Been doing this for a long time with my JOAD kids and guys around the shop. I got alot of stuff in the JOAD cabinets for the kids to try out. Releases, stabs, sights, lenses, arrows, side rods, rest, quivers etc.

Either that or I sell em and buy more stuff to try.


----------



## target1 (Jan 16, 2007)

for me arrows are what i need to try. OT2 or TAP recommends sizes, but even still they don't always fly right. Also some arrows I hear event though sized the same have different characteristics.


----------



## Brown Hornet (Aug 8, 2002)

target1 said:


> for me arrows are what i need to try. OT2 or TAP recommends sizes, but even still they don't always fly right.

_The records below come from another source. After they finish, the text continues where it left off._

(* Let $F:(0,\infty)\to\mathbb{R}$ be convex and continuously differentiable with $F(1)=0$, $\lim_{x\to0^+}F(x)<\infty$ and $\lim_{x\to\infty}F'(x)<\infty$. Let $P,Q$ and $P_i,Q_i$ ($i\in\mathbb{N}$) be probability measures on a common measurable space, all mutually absolutely continuous, such that $P_i\xrightarrow{\mathcal{M}}P$ and $Q_i\xrightarrow{\mathcal{M}}Q$. Then $D(P_i,Q_i)\to D(P,Q)$ as $i\to\infty$, where $D(P,Q)=\mathbf{E}_{\boldsymbol{x}\sim P}\big[F\big(\tfrac{dQ}{dP}(\boldsymbol{x})\big)\big]$.
   Context: $P_i\xrightarrow{\mathcal{M}}P$ means: for all $\epsilon>0$ and $\delta>0$ there is $i_0$ such that for all $i\ge i_0$, $\mathbf{P}_{\boldsymbol{x}\sim P}\big(1-\epsilon\le\frac{dP_i}{dP}(\boldsymbol{x})\le1+\epsilon\big)\ge1-\delta$. *)

theory Defs
  imports "HOL-Probability.Probability"
begin

text \<open>Radon-Nikodym derivative dN/dM as a real-valued function.\<close>
definition rn :: "'a measure \<Rightarrow> 'a measure \<Rightarrow> 'a \<Rightarrow> real" where
  "rn M N x = enn2real (RN_deriv M N x)"

definition M_conv :: "(nat \<Rightarrow> 'a measure) \<Rightarrow> 'a measure \<Rightarrow> bool" where
  "M_conv Ps P \<longleftrightarrow>
     (\<forall>\<epsilon>>0. \<forall>\<delta>>0. \<exists>i0. \<forall>i\<ge>i0.
        measure P {x \<in> space P. 1 - \<epsilon> \<le> rn P (Ps i) x \<and> rn P (Ps i) x \<le> 1 + \<epsilon>} \<ge> 1 - \<delta>)"

definition fdiv :: "(real \<Rightarrow> real) \<Rightarrow> 'a measure \<Rightarrow> 'a measure \<Rightarrow> real" where
  "fdiv F P Q = (\<integral>x. F (rn P Q x) \<partial>P)"

end

theory Submission
  imports Defs
begin

(* Write p = dP_i/dP, s = dQ_i/dQ and r = dQ/dP. By the chain rule dQ_i/dP_i = s r / p, so
   D(P_i, Q_i) = \<integral> p F(s r / p) dP, to be compared with D(P, Q) = \<integral> F(r) dP.
   Convexity together with the finite limits of F at 0 and of F' at infinity gives linear growth:
   |F x| \<le> a + b x and |x F'(x)| \<le> a + b x. Where p and s are \<epsilon>-close to 1, the tangents of F at
   r and at s r / p bound the difference of the integrands by O(\<epsilon> (1 + r)); on the complement B
   both integrands are at most a p + b s r + a + b r, whose integral a P_i(B) + b Q_i(B) + a P(B) + b Q(B)
   is at most (a + b) \<epsilon> + 2 a P(B) + 2 b Q(B). Finally P(B) and Q(B) tend to 0 by M-convergence,
   because equivalent finite measures are uniformly absolutely continuous with respect to each other. *)

definition pos_subgradient :: "(real \<Rightarrow> real) \<Rightarrow> (real \<Rightarrow> real) \<Rightarrow> bool" where
  "pos_subgradient F F' \<longleftrightarrow> (\<forall>x>0. \<forall>y>0. F' x * (y - x) \<le> F y - F x)"

lemma pos_subgradientD:
  "pos_subgradient F F' \<Longrightarrow> x > 0 \<Longrightarrow> y > 0 \<Longrightarrow> F' x * (y - x) \<le> F y - F x"
  unfolding pos_subgradient_def by blast

lemma convex_on_pos_subgradient_deriv:
  fixes F :: "real \<Rightarrow> real"
  assumes convex: "convex_on {0<..} F" and diff: "\<forall>x>0. F differentiable (at x)"
  shows "pos_subgradient F (deriv F)"
  unfolding pos_subgradient_def
proof (intro allI impI)
  fix x y :: real assume "x > 0" "y > 0"
  show "deriv F x * (y - x) \<le> F y - F x"
  proof (rule convex_on_imp_above_tangent[OF convex])
    show "connected {0::real<..}" by (simp add: convex_connected)
    show "x \<in> interior {0<..}" "y \<in> {0<..}" using \<open>x > 0\<close> \<open>y > 0\<close> by (simp_all add: interior_open)
    show "(F has_real_derivative deriv F x) (at x within {0<..})"
      using diff \<open>x > 0\<close> DERIV_deriv_iff_real_differentiable has_field_derivative_at_within by blast
  qed
qed

lemma subgradient_mono:
  fixes F F' :: "real \<Rightarrow> real"
  assumes subgrad: "pos_subgradient F F'"
    and "0 < x" "x < y"
  shows "F' x \<le> F' y"
proof -
  have "F' x * (y - x) \<le> F' y * (y - x)"
    using pos_subgradientD[OF subgrad, of x y] pos_subgradientD[OF subgrad, of y x] assms(2,3) by (simp add: algebra_simps)
  then show ?thesis using assms(3) by simp
qed

lemma subgradient_le_lim_at_top:
  fixes F F' :: "real \<Rightarrow> real"
  assumes subgrad: "pos_subgradient F F'"
    and L: "(F' \<longlongrightarrow> L) at_top" and "x > 0"
  shows "F' x \<le> L"
proof (rule tendsto_lowerbound[OF L])
  show "\<forall>\<^sub>F y in at_top. F' x \<le> F' y"
    using eventually_gt_at_top[of x]
    by eventually_elim (use subgradient_mono[OF subgrad] \<open>x > 0\<close> in auto)
qed simp

lemma le_lim_at_right_0_plus_subgradient:
  fixes F F' :: "real \<Rightarrow> real"
  assumes subgrad: "pos_subgradient F F'"
    and l: "(F \<longlongrightarrow> l) (at_right 0)" and "x > 0"
  shows "F x \<le> l + x * F' x"
proof -
  have "((\<lambda>y. F y - F' x * (y - x)) \<longlongrightarrow> l - F' x * (0 - x)) (at_right 0)"
    by (intro tendsto_intros l)
  moreover have "\<forall>\<^sub>F y in at_right 0. F x \<le> F y - F' x * (y - x)"
    using eventually_at_right_less[of "0::real"]
    by eventually_elim (use pos_subgradientD[OF subgrad] \<open>x > 0\<close> in force)
  ultimately show ?thesis
    by (intro tendsto_lowerbound[where F = "at_right 0"]) (auto simp: algebra_simps)
qed
lemma card_le_if_indicators_in_span:
  fixes W :: "'s \<Rightarrow> 'a \<Rightarrow> real" and D :: "'a set" and M :: "'s set"
  assumes M: "finite M" and D: "finite D"
    and indicators: "\<forall>x\<in>D. \<exists>c. \<forall>x'\<in>D. (\<Sum>S\<in>M. c S * W S x') = (if x' = x then 1 else 0)"
  shows "card D \<le> card M"
proof -
  interpret v: vector_space "\<lambda>(r::real) (f::'a \<Rightarrow> real) x. r * f x"
    by unfold_locales (auto simp: fun_eq_iff algebra_simps)
  define \<delta> where "\<delta> = (\<lambda>x::'a. \<lambda>x'. if x' = x then (1::real) else 0)"
  define W' where "W' = (\<lambda>S x. if x \<in> D then W S x else 0)"
  have spanned: "\<delta> ` D \<subseteq> v.span (W' ` M)"
  proof
    fix v assume "v \<in> \<delta> ` D"
    then obtain x where x: "x \<in> D" "v = \<delta> x" by auto
    with indicators obtain c
      where c: "\<forall>x'\<in>D. (\<Sum>S\<in>M. c S * W S x') = (if x' = x then 1 else 0)" by blast
    have "(\<Sum>S\<in>M. c S * W' S x') = v x'" for x'
      using c x by (cases "x' \<in> D") (auto simp: \<delta>_def W'_def)
    then have "(\<Sum>S\<in>M. (\<lambda>x'. c S * W' S x')) = v"
      using M by (simp add: fun_eq_iff sum_fun_apply)
    moreover have "(\<Sum>S\<in>M. (\<lambda>x'. c S * W' S x')) \<in> v.span (W' ` M)"
      by (intro v.span_sum v.span_scale v.span_base) auto
    ultimately show "v \<in> v.span (W' ` M)" by simp
  qed
  have "v.independent (\<delta> ` D)"
  proof
    assume "v.dependent (\<delta> ` D)"
    then obtain t u where t: "finite t" "t \<subseteq> \<delta> ` D"
      and zero: "(\<Sum>v\<in>t. (\<lambda>x. u v * v x)) = 0" and "\<exists>v\<in>t. u v \<noteq> 0"
      unfolding v.dependent_explicit by blast
    then obtain x where x: "\<delta> x \<in> t" "u (\<delta> x) \<noteq> 0" by blast
    have "0 = (\<Sum>v\<in>t. u v * v x)"
      using fun_cong[OF zero, of x] t(1) by (simp add: sum_fun_apply)
    also have "\<dots> = (\<Sum>v\<in>t. if v = \<delta> x then u (\<delta> x) else 0)"
    proof (rule sum.cong)
      fix v assume "v \<in> t"
      then obtain y where "v = \<delta> y" using t(2) by auto
      then show "u v * v x = (if v = \<delta> x then u (\<delta> x) else 0)"
        by (cases "y = x") (auto simp: \<delta>_def dest: fun_cong[where x = y])
    qed simp
    also have "\<dots> = u (\<delta> x)" using x t(1) by simp
    finally show False using x by simp
  qed
  then have "card (\<delta> ` D) \<le> card (W' ` M)"
    using v.independent_span_bound[OF _ _ spanned] M by auto
  also have "\<dots> \<le> card M" by (rule card_image_le[OF M])
  finally have "card (\<delta> ` D) \<le> card M" .
  moreover have "inj_on \<delta> D"
    by (auto simp: inj_on_def \<delta>_def fun_eq_iff split: if_splits)
  ultimately show ?thesis by (simp add: card_image)
qed
(* Let $(\mathcal T,\{B_i\})$ be a tree decomposition of a graph $G$, rooted at $r$, with every node at level at most $d$, and let $\lambda\in\{1,\dots,d\}$. Define new bags $$B'_v := \bigcup\big\{B_w : w\in\mathcal T_{v\leftrightarrow r},\ w\in \mathcal T_{v\leftrightarrow\sigma(v)} \text{ or } w \text{ is a synchronization node}\big\}$$ for $v\neq r$, and $B'_r := B_r$. Then $(\mathcal T,\{B'_v\})$ has combinatorial diameter at most $3$.
   Context: Tree decomposition: tree with bags covering vertices and edges of $G$, each vertex's bags forming a connected subtree. $\mathcal T_{x\leftrightarrow y}$ is the set of nodes on the unique $x$–$y$ path in $\mathcal T$. The level of a node $v$ is the number of edges on $\mathcal T_{v\leftrightarrow r}$. A node is a synchronization node if its level is a multiple of $\lambda$. For $v\neq r$, $\sigma(v)$ is the first synchronization node on the path from $v$ to $r$, excluding $v$. Combinatorial diameter: for nodes $s,t$ consider the path $\mathcal T_{s\leftrightarrow t}$. A non-endpoint node $v$ of the current path, with its two neighbours on the current path labelled $u,w$ (in some order), is redundant if $B_v\cap B_w\subseteq B_u$; bypassing $v$ deletes $v$ and joins $u,w$. The path has combinatorial length at most $\ell$ if repeatedly bypassing redundant nodes (redundancy evaluated in the current path) yields a path with at most $\ell$ edges. The combinatorial diameter is the minimum $\delta$ such that every path $\mathcal T_{u\leftrightarrow v}$ has combinatorial length at most $\delta$ (with respect to the given bags). *)

theory Defs
  imports Main
begin

definition is_walk :: "('n \<Rightarrow> 'n \<Rightarrow> bool) \<Rightarrow> 'n set \<Rightarrow> 'n list \<Rightarrow> bool" where
  "is_walk E S xs \<longleftrightarrow> xs \<noteq> [] \<and> set xs \<subseteq> S \<and>
     (\<forall>i. Suc i < length xs \<longrightarrow> E (xs ! i) (xs ! Suc i))"

definition is_path :: "('n \<Rightarrow> 'n \<Rightarrow> bool) \<Rightarrow> 'n set \<Rightarrow> 'n \<Rightarrow> 'n \<Rightarrow> 'n list \<Rightarrow> bool" where
  "is_path E N u v xs \<longleftrightarrow> is_walk E N xs \<and> distinct xs \<and> hd xs = u \<and> last xs = v"

definition connected_in :: "('n \<Rightarrow> 'n \<Rightarrow> bool) \<Rightarrow> 'n set \<Rightarrow> bool" where
  "connected_in E S \<longleftrightarrow> (\<forall>u\<in>S. \<forall>v\<in>S. \<exists>xs. is_walk E S xs \<and> hd xs = u \<and> last xs = v)"

definition acyclic_graph :: "('n \<Rightarrow> 'n \<Rightarrow> bool) \<Rightarrow> 'n set \<Rightarrow> bool" where
  "acyclic_graph E N \<longleftrightarrow> \<not> (\<exists>xs. is_walk E N xs \<and> distinct xs \<and> length xs \<ge> 3 \<and> E (last xs) (hd xs))"

definition is_tree :: "'n set \<Rightarrow> ('n \<Rightarrow> 'n \<Rightarrow> bool) \<Rightarrow> bool" where
  "is_tree N E \<longleftrightarrow> finite N \<and> N \<noteq> {} \<and>
     (\<forall>u v. E u v \<longrightarrow> u \<in> N \<and> v \<in> N) \<and> (\<forall>u v. E u v \<longrightarrow> E v u) \<and> (\<forall>u. \<not> E u u) \<and>
     connected_in E N \<and> acyclic_graph E N"

definition tpath :: "'n set \<Rightarrow> ('n \<Rightarrow> 'n \<Rightarrow> bool) \<Rightarrow> 'n \<Rightarrow> 'n \<Rightarrow> 'n list" where
  "tpath N E u v = (THE xs. is_path E N u v xs)"

definition is_tree_decomposition ::
  "'v set \<Rightarrow> ('v \<Rightarrow> 'v \<Rightarrow> bool) \<Rightarrow> 'n set \<Rightarrow> ('n \<Rightarrow> 'n \<Rightarrow> bool) \<Rightarrow> ('n \<Rightarrow> 'v set) \<Rightarrow> bool" where
  "is_tree_decomposition VG EG N E B \<longleftrightarrow>
     is_tree N E \<and> (\<forall>i\<in>N. B i \<subseteq> VG) \<and>
     (\<forall>x\<in>VG. \<exists>i\<in>N. x \<in> B i) \<and>
     (\<forall>x y. EG x y \<longrightarrow> (\<exists>i\<in>N. x \<in> B i \<and> y \<in> B i)) \<and>
     (\<forall>x\<in>VG. connected_in E {i\<in>N. x \<in> B i})"

definition level :: "'n set \<Rightarrow> ('n \<Rightarrow> 'n \<Rightarrow> bool) \<Rightarrow> 'n \<Rightarrow> 'n \<Rightarrow> nat" where
  "level N E r v = length (tpath N E v r) - 1"

definition sync_node :: "'n set \<Rightarrow> ('n \<Rightarrow> 'n \<Rightarrow> bool) \<Rightarrow> 'n \<Rightarrow> nat \<Rightarrow> 'n \<Rightarrow> bool" where
  "sync_node N E r lam v \<longleftrightarrow> lam dvd level N E r v"

definition sigma :: "'n set \<Rightarrow> ('n \<Rightarrow> 'n \<Rightarrow> bool) \<Rightarrow> 'n \<Rightarrow> nat \<Rightarrow> 'n \<Rightarrow> 'n" where
  "sigma N E r lam v = hd (filter (sync_node N E r lam) (tl (tpath N E v r)))"

definition new_bags :: "'n set \<Rightarrow> ('n \<Rightarrow> 'n \<Rightarrow> bool) \<Rightarrow> 'n \<Rightarrow> nat \<Rightarrow> ('n \<Rightarrow> 'v set) \<Rightarrow> 'n \<Rightarrow> 'v set" where
  "new_bags N E r lam B v =
     (if v = r then B r
      else \<Union> {B w | w. w \<in> set (tpath N E v r) \<and>
                 (w \<in> set (tpath N E v (sigma N E r lam v)) \<or> sync_node N E r lam w)})"

definition bypass_step :: "('n \<Rightarrow> 'v set) \<Rightarrow> 'n list \<Rightarrow> 'n list \<Rightarrow> bool" where
  "bypass_step B xs ys \<longleftrightarrow> (\<exists>i. 0 < i \<and> Suc i < length xs \<and>
     (B (xs ! i) \<inter> B (xs ! Suc i) \<subseteq> B (xs ! (i - 1)) \<or>
      B (xs ! i) \<inter> B (xs ! (i - 1)) \<subseteq> B (xs ! Suc i)) \<and>
     ys = take i xs @ drop (Suc i) xs)"

definition comb_length_le :: "('n \<Rightarrow> 'v set) \<Rightarrow> 'n list \<Rightarrow> nat \<Rightarrow> bool" where
  "comb_length_le B xs l \<longleftrightarrow> (\<exists>ys. (bypass_step B)\<^sup>*\<^sup>* xs ys \<and> length ys - 1 \<le> l)"

definition comb_diameter_le :: "'n set \<Rightarrow> ('n \<Rightarrow> 'n \<Rightarrow> bool) \<Rightarrow> ('n \<Rightarrow> 'v set) \<Rightarrow> nat \<Rightarrow> bool" where
  "comb_diameter_le N E B delta \<longleftrightarrow> (\<forall>u\<in>N. \<forall>v\<in>N. comb_length_le B (tpath N E u v) delta)"

end

theory Submission
  imports Defs
begin

text \<open>
  Along the path from a node to the root, write f j for the old bag of the ancestor at level j.
  The new bag at level m is the union of the f j over the levels j \<le> m that are either
  synchronization levels or lie at or above the last synchronization level below m.  Hence the
  new bag at a non-synchronization level is contained in the one just above it, so all such nodes
  of a vertical path can be bypassed.  For two synchronization levels b < a, an element of both
  new bags lies in a synchronization level or, because the bags containing a vertex form a
  subtree, in f b itself; either way it lies in the new bag of every node above a.  So the
  intermediate synchronization nodes can be bypassed as well, and a vertical path shrinks to its
  top, at most one synchronization node a and its bottom l, with the new bag of l contained in
  that of a.  The path between two nodes consists of two vertical paths meeting at their lowest
  common ancestor c; if both still contain such a node, c is redundant, leaving at most four
  nodes.
\<close>

section \<open>Walks and paths in trees\<close>

lemma successively_upt: "(\<And>k. m \<le> k \<Longrightarrow> Suc k < n \<Longrightarrow> P k (Suc k)) \<Longrightarrow> successively P [m..<n]"
  by (auto simp: successively_conv_nth)

lemma last_append_tl:
  "xs \<noteq> [] \<Longrightarrow> ys \<noteq> [] \<Longrightarrow> last xs = hd ys \<Longrightarrow> last (xs @ tl ys) = last ys"
  by (cases ys) auto

lemma is_walk_iff: "is_walk E S xs \<longleftrightarrow> xs \<noteq> [] \<and> set xs \<subseteq> S \<and> successively E xs"
  by (auto simp: is_walk_def successively_conv_nth)

lemma is_walk_rev:
  assumes "\<And>u v. E u v \<Longrightarrow> E v u" and "is_walk E S xs"
  shows "is_walk E S (rev xs)"
  using assms by (auto simp: is_walk_iff elim: successively_mono)

lemma is_walk_glue:
  assumes "is_walk E S xs" and "is_walk E S ys" and "last xs = hd ys"
  shows "is_walk E S (xs @ tl ys)"
proof -
  obtain y ys' where ys: "ys = y # ys'"
    using assms(2) by (cases ys) (auto simp: is_walk_iff)
  then show ?thesis
    using assms by (auto simp: is_walk_iff successively_append_iff successively_Cons)
qed

lemma is_walk_drop: "is_walk E S xs \<Longrightarrow> i < length xs \<Longrightarrow> is_walk E S (drop i xs)"
  using successively_append_iff[of E "take i xs" "drop i xs"]
  by (auto simp: is_walk_iff dest: in_set_dropD)

lemma path_within_walk:
  assumes "is_walk E S xs"
  shows "\<exists>ys. is_path E S (hd xs) (last xs) ys \<and> set ys \<subseteq> set xs"
  using assms
proof (induction "length xs" arbitrary: xs rule: less_induct)
  case less
  show ?case
  proof (cases "distinct xs")
    case True
    then show ?thesis using less.prems by (auto simp: is_path_def)
  next
    case False
    then obtain as y bs cs where xs: "xs = as @ [y] @ bs @ [y] @ cs"
      using not_distinct_decomp by blast
    let ?zs = "as @ [y] @ cs"
    have "is_walk E S ?zs"
      using less.prems unfolding xs
      by (auto simp: is_walk_iff successively_append_iff successively_Cons)
    moreover have "length ?zs < length xs" "hd ?zs = hd xs" "last ?zs = last xs"
      "set ?zs \<subseteq> set xs"
      using xs by (cases as; cases cs; auto)+
    ultimately obtain ys where "is_path E S (hd ?zs) (last ?zs) ys" "set ys \<subseteq> set ?zs"
      using less.hyps by blast
    then show ?thesis
      using \<open>hd ?zs = hd xs\<close> \<open>last ?zs = last xs\<close> \<open>set ?zs \<subseteq> set xs\<close> by (metis order_trans)
  qed
qed

locale tree =
  fixes N :: "'n set" and E :: "'n \<Rightarrow> 'n \<Rightarrow> bool"
  assumes is_tree: "is_tree N E"
begin

lemma edge_sym: "E u v \<Longrightarrow> E v u"
  using is_tree by (auto simp: is_tree_def)

text \<open>Two neighbours of a node u cannot be joined by a walk avoiding u: a shortest such walk
  would close a cycle through u.\<close>
lemma no_walk_around:
  assumes "E u a" and "E u b" and "a \<noteq> b"
    and "is_walk E (N - {u}) xs" and "hd xs = a" and "last xs = b"
  shows False
proof -
  obtain p where p: "is_path E (N - {u}) a b p"
    using path_within_walk[OF assms(4)] assms(5,6) by blast
  then obtain p' where p': "p = a # p'" "p' \<noteq> []"
    using assms(3) by (cases p) (auto simp: is_path_def is_walk_iff split: if_splits)
  have "u \<in> N"
    using assms(1) is_tree by (auto simp: is_tree_def)
  then have "is_walk E N (u # p) \<and> distinct (u # p) \<and> 3 \<le> length (u # p)
      \<and> E (last (u # p)) (hd (u # p))"
    using p p' assms(1,2) edge_sym
    by (auto simp: is_path_def is_walk_iff successively_Cons Suc_le_eq)
  then show False
    using is_tree unfolding is_tree_def acyclic_graph_def by blast
qed

lemma path_unique: "is_path E N u v xs \<Longrightarrow> is_path E N u v ys \<Longrightarrow> xs = ys"
proof (induction xs arbitrary: u ys)
  case Nil
  then show ?case by (simp add: is_path_def is_walk_iff)
next
  case (Cons x xs)
  show ?case
  proof (cases "xs = []")
    case True
    then show ?thesis using Cons.prems
      by (cases ys) (auto simp: is_path_def is_walk_iff split: if_splits)
  next
    case xs_ne: False
    then obtain y ys' where ys: "ys = y # ys'"
      using Cons.prems by (cases ys) (auto simp: is_path_def is_walk_iff)
    have "ys' \<noteq> []"
      using Cons.prems xs_ne ys by (auto simp: is_path_def is_walk_iff)
    have walks: "is_walk E (N - {u}) xs" "is_walk E (N - {u}) ys'"
      using Cons.prems xs_ne \<open>ys' \<noteq> []\<close> ys
      by (auto simp: is_path_def is_walk_iff successively_Cons)
    have edges: "E u (hd xs)" "E u (hd ys')"
      using Cons.prems xs_ne \<open>ys' \<noteq> []\<close> ys
      by (auto simp: is_path_def is_walk_iff successively_Cons)
    have lasts: "last xs = v" "last ys' = v"
      using Cons.prems xs_ne \<open>ys' \<noteq> []\<close> ys by (auto simp: is_path_def)
    show ?thesis
    proof (cases "hd xs = hd ys'")
      case True
      have "is_path E N (hd xs) v xs" "is_path E N (hd xs) v ys'"
        using Cons.prems ys True lasts walks by (auto simp: is_path_def is_walk_iff)
      then show ?thesis using Cons.IH Cons.prems ys by (auto simp: is_path_def)
    next
      case False
      have "is_walk E (N - {u}) (xs @ tl (rev ys'))"
        using is_walk_glue[OF walks(1) is_walk_rev[OF edge_sym walks(2)]] lasts
        by (simp add: hd_rev)
      moreover have "hd (xs @ tl (rev ys')) = hd xs" "last (xs @ tl (rev ys')) = hd ys'"
        using xs_ne lasts \<open>ys' \<noteq> []\<close> by (auto simp: last_append_tl hd_rev last_rev)
      ultimately show ?thesis
        using no_walk_around[OF edges False] by blast
    qed
  qed
qed

lemma path_exists: "u \<in> N \<Longrightarrow> v \<in> N \<Longrightarrow> \<exists>xs. is_path E N u v xs"
  using is_tree path_within_walk unfolding is_tree_def connected_in_def by metis

lemma tpath_is_path: "u \<in> N \<Longrightarrow> v \<in> N \<Longrightarrow> is_path E N u v (tpath N E u v)"
  unfolding tpath_def by (rule theI') (use path_exists path_unique in blast)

Also some arrows I hear event though sized the same have different characteristics.


You need to play with yor setup...turn the weight up and down....adjust point weight....group tune.


----------



## tabarch (Sep 20, 2006)

VA Vince said:


> Sweet, I see you have two rivers in your sig. Thats about 35 minutes from my house. Maybe we can meet up and shoot a round or 2. Not sure if they have an indoor range?


Two Rivers does not have an indoor range but Massanutten does have a indoor range just outside of Front Royal and I also will go to Prince William every now and then to shoot. Always will be happy to shoot a couple of rounds.


----------